=== Problem to work on ===
In the entries below, find the line with "c) / 2) \<longlongrightarrow>" and the line with "define k where"; give again those lines and every line between them, exactly.

(Records from a collection)

···

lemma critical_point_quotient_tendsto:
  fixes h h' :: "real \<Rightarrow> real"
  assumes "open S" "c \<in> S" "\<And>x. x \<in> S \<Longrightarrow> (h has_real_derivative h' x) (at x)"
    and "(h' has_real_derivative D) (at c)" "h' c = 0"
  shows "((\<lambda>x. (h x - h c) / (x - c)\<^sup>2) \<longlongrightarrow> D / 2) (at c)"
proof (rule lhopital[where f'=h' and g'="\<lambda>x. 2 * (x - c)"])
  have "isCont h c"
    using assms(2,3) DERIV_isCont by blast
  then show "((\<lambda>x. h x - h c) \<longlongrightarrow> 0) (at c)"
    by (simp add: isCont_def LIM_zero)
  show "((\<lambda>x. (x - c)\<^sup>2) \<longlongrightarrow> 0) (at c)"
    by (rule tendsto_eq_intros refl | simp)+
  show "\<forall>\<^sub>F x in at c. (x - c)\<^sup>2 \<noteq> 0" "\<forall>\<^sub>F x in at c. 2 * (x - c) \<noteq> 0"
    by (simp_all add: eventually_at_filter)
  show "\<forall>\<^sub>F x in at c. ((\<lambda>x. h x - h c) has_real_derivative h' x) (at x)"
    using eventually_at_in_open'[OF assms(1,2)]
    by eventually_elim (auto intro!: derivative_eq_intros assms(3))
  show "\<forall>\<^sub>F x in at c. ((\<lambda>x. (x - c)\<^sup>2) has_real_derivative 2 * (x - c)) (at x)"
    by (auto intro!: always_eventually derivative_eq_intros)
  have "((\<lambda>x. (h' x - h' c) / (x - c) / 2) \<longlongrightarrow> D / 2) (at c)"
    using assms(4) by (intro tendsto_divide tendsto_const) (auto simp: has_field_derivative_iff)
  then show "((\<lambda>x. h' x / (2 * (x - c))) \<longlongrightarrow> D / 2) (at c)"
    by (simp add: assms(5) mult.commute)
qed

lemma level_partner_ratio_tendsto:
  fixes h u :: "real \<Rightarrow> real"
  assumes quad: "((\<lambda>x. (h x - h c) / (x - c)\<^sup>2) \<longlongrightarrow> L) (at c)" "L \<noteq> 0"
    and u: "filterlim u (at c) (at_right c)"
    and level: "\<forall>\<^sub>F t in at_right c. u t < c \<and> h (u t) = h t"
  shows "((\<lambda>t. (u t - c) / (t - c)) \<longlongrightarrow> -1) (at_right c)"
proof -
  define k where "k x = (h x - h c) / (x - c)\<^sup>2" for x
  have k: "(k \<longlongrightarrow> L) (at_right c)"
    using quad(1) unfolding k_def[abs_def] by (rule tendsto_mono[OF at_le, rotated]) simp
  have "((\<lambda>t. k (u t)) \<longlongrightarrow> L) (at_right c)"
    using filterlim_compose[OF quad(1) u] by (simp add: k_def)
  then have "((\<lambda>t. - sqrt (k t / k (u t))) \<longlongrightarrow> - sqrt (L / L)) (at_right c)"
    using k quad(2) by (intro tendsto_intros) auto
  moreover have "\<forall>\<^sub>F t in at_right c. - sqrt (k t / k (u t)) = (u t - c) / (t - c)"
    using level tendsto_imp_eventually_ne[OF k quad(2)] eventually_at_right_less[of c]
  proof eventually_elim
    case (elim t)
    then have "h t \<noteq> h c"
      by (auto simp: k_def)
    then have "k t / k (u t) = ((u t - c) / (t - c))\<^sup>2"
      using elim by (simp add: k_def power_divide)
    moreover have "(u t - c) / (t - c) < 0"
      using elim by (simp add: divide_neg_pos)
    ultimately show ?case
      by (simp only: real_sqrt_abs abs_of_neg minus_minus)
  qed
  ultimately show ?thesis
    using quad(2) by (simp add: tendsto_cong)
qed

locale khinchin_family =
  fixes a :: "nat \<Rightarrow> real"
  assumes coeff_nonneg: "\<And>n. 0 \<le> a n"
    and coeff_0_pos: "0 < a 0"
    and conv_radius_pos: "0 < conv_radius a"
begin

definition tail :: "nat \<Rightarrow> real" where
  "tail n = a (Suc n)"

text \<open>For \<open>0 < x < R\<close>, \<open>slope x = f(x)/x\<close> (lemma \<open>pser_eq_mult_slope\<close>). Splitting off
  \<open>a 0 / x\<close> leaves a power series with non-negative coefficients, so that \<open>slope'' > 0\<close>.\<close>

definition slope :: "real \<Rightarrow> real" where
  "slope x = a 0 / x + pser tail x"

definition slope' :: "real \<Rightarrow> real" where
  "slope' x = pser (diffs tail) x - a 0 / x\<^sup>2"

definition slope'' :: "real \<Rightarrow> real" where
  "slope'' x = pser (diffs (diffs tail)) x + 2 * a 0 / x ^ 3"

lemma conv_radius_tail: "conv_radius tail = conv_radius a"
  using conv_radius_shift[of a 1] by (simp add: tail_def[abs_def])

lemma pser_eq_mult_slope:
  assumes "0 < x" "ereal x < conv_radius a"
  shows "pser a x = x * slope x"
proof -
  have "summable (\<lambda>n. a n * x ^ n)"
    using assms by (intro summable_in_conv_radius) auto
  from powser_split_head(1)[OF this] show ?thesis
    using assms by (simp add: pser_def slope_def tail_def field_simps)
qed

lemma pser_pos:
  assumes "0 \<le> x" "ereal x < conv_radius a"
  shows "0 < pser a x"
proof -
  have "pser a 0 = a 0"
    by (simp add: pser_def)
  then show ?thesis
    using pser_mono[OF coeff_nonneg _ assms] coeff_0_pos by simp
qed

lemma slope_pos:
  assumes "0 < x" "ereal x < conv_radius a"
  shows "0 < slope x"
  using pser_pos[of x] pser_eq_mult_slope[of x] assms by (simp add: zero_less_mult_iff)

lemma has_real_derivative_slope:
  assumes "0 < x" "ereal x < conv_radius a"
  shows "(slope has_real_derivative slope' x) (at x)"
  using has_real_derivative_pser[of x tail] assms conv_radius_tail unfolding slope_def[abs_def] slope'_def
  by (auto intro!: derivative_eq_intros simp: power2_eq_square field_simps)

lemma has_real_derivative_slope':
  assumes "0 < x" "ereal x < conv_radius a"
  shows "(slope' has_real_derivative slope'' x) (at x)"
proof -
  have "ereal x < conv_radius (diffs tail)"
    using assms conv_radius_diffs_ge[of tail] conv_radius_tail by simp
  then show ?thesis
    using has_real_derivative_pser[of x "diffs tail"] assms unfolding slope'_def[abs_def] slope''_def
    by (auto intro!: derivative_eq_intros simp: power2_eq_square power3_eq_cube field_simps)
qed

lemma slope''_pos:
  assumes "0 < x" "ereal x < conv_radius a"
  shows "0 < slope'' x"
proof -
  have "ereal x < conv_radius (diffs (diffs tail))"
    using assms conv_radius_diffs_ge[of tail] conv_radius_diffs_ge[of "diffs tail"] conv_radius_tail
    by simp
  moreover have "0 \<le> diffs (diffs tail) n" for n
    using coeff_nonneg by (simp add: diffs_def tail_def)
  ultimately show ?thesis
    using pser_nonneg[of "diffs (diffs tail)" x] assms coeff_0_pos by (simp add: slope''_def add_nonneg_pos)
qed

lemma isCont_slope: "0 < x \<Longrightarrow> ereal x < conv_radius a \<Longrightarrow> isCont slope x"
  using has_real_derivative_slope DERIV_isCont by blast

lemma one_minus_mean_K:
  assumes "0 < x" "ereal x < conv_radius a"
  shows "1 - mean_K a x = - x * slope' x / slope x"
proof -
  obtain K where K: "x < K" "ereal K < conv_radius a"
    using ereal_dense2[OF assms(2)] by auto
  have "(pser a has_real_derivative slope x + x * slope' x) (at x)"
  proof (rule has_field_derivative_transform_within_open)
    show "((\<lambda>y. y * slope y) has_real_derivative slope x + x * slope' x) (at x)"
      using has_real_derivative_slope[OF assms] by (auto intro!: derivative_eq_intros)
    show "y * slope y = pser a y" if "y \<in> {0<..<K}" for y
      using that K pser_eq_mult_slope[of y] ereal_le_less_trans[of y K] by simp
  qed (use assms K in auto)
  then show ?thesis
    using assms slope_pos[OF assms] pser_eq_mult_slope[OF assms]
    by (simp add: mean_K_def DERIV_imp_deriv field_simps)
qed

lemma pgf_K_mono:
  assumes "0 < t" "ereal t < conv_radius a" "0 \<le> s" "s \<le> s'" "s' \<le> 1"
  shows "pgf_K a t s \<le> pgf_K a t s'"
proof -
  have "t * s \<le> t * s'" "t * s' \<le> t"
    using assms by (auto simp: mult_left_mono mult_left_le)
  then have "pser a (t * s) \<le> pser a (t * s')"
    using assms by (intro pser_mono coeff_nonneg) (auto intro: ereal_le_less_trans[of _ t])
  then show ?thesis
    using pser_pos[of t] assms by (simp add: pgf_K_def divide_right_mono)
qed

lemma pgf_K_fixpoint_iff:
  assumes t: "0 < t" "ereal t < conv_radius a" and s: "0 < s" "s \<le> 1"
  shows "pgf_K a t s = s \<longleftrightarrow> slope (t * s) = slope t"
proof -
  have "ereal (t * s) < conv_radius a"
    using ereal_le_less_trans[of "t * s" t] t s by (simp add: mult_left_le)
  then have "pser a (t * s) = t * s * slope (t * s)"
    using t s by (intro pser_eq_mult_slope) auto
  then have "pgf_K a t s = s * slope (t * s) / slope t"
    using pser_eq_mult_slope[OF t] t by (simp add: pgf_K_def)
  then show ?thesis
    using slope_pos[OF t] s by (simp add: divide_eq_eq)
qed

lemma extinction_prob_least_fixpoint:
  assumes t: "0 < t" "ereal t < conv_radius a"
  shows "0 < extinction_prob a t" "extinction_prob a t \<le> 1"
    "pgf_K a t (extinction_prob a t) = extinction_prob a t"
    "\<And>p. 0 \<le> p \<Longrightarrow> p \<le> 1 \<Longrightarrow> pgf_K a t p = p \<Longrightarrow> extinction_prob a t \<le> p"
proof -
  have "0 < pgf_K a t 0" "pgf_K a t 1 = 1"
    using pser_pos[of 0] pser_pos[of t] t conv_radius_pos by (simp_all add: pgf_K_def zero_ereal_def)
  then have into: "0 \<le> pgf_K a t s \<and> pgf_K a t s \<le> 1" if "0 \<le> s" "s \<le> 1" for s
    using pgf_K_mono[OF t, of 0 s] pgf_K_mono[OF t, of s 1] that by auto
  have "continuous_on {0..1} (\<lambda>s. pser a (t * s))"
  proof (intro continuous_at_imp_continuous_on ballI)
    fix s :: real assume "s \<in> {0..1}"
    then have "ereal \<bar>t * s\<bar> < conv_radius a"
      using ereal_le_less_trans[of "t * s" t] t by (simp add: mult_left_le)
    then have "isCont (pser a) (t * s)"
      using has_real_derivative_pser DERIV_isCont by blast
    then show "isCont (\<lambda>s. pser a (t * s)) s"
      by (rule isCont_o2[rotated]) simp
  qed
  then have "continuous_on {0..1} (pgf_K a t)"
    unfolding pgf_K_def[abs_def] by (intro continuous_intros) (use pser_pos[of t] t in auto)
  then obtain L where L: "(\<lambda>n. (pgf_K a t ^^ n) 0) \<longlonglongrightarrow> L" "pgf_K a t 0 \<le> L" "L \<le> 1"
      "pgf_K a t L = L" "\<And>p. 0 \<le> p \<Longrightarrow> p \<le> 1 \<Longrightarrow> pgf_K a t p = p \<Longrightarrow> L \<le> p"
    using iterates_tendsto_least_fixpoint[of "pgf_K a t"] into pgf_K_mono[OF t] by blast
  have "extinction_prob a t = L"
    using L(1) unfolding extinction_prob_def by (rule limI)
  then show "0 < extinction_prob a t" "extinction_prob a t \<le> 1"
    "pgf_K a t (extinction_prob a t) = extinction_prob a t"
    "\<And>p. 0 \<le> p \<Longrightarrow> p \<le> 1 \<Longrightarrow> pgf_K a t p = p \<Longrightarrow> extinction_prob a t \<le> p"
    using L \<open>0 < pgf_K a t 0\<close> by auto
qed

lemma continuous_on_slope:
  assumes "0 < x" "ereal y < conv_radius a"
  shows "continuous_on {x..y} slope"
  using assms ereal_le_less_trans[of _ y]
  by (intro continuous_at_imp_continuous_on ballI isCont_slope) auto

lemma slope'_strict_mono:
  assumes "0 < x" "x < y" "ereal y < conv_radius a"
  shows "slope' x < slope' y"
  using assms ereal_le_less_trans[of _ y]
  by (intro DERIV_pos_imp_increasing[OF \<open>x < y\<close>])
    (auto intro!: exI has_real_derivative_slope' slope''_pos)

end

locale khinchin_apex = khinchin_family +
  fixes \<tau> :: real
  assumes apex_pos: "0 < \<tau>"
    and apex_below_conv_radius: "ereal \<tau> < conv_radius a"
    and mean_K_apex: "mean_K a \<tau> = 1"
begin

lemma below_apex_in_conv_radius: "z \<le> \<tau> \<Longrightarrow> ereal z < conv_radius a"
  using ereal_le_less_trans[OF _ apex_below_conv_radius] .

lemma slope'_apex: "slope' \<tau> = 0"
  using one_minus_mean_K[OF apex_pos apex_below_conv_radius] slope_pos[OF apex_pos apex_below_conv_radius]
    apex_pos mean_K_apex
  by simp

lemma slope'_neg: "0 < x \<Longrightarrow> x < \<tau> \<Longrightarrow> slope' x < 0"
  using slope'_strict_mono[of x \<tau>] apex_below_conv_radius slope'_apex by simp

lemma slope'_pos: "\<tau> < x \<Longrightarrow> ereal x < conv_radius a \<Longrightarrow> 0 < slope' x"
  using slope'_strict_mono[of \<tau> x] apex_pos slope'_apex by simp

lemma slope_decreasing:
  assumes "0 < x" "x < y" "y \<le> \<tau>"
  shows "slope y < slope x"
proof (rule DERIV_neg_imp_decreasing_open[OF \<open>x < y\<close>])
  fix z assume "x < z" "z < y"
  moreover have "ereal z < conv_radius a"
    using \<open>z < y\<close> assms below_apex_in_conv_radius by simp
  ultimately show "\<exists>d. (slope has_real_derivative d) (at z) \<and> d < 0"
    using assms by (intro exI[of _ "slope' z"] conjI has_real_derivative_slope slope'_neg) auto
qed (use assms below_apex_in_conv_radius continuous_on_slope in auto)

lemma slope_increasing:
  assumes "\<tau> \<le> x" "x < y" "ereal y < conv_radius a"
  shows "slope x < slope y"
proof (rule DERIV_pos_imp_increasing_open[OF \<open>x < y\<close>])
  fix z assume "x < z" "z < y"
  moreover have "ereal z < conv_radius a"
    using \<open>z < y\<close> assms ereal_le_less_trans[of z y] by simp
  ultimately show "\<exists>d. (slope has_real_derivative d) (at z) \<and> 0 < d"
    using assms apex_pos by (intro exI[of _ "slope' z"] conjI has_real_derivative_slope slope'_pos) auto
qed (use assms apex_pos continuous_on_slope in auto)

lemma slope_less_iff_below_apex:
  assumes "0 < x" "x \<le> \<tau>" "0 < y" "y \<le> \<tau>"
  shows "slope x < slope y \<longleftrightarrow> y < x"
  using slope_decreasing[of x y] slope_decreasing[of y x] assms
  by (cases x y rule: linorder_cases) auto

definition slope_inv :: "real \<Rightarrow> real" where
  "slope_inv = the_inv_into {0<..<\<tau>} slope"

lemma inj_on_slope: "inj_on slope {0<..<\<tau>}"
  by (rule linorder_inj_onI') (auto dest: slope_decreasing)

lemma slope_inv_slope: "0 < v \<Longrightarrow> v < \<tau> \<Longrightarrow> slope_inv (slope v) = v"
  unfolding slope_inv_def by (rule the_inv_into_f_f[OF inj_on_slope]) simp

···

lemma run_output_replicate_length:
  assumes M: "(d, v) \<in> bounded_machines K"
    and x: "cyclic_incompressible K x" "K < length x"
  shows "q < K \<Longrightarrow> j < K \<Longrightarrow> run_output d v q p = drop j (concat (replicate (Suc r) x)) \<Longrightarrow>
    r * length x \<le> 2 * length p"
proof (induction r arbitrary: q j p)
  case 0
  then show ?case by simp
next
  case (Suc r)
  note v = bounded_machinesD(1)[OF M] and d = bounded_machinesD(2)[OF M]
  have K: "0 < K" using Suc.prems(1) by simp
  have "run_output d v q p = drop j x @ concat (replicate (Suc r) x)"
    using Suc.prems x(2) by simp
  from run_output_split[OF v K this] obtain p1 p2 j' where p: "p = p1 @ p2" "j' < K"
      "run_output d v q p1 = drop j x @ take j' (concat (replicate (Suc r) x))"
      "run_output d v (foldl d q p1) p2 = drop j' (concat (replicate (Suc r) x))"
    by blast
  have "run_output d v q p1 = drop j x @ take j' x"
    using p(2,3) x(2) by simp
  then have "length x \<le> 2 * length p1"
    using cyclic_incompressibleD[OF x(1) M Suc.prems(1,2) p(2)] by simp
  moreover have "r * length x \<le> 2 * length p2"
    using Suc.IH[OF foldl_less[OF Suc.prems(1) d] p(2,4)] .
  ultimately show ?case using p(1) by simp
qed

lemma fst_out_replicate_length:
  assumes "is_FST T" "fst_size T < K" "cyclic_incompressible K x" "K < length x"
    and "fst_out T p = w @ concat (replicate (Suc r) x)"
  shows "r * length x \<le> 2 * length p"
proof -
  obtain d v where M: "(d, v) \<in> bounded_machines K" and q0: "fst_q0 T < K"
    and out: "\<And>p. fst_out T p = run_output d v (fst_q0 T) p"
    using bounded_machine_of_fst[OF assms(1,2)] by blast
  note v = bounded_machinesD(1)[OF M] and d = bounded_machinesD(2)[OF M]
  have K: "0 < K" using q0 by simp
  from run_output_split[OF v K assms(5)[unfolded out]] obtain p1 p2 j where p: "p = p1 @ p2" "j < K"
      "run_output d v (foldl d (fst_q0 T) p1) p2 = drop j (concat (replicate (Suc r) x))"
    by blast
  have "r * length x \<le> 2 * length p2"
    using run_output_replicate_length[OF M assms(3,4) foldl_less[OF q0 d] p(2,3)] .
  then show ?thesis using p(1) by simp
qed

···

=== Answer ===
  have "((\<lambda>x. (h' x - h' c) / (x - c) / 2) \<longlongrightarrow> D / 2) (at c)"
    using assms(4) by (intro tendsto_divide tendsto_const) (auto simp: has_field_derivative_iff)
  then show "((\<lambda>x. h' x / (2 * (x - c))) \<longlongrightarrow> D / 2) (at c)"
    by (simp add: assms(5) mult.commute)
qed

lemma level_partner_ratio_tendsto:
  fixes h u :: "real \<Rightarrow> real"
  assumes quad: "((\<lambda>x. (h x - h c) / (x - c)\<^sup>2) \<longlongrightarrow> L) (at c)" "L \<noteq> 0"
    and u: "filterlim u (at c) (at_right c)"
    and level: "\<forall>\<^sub>F t in at_right c. u t < c \<and> h (u t) = h t"
  shows "((\<lambda>t. (u t - c) / (t - c)) \<longlongrightarrow> -1) (at_right c)"
proof -
  define k where "k x = (h x - h c) / (x - c)\<^sup>2" for x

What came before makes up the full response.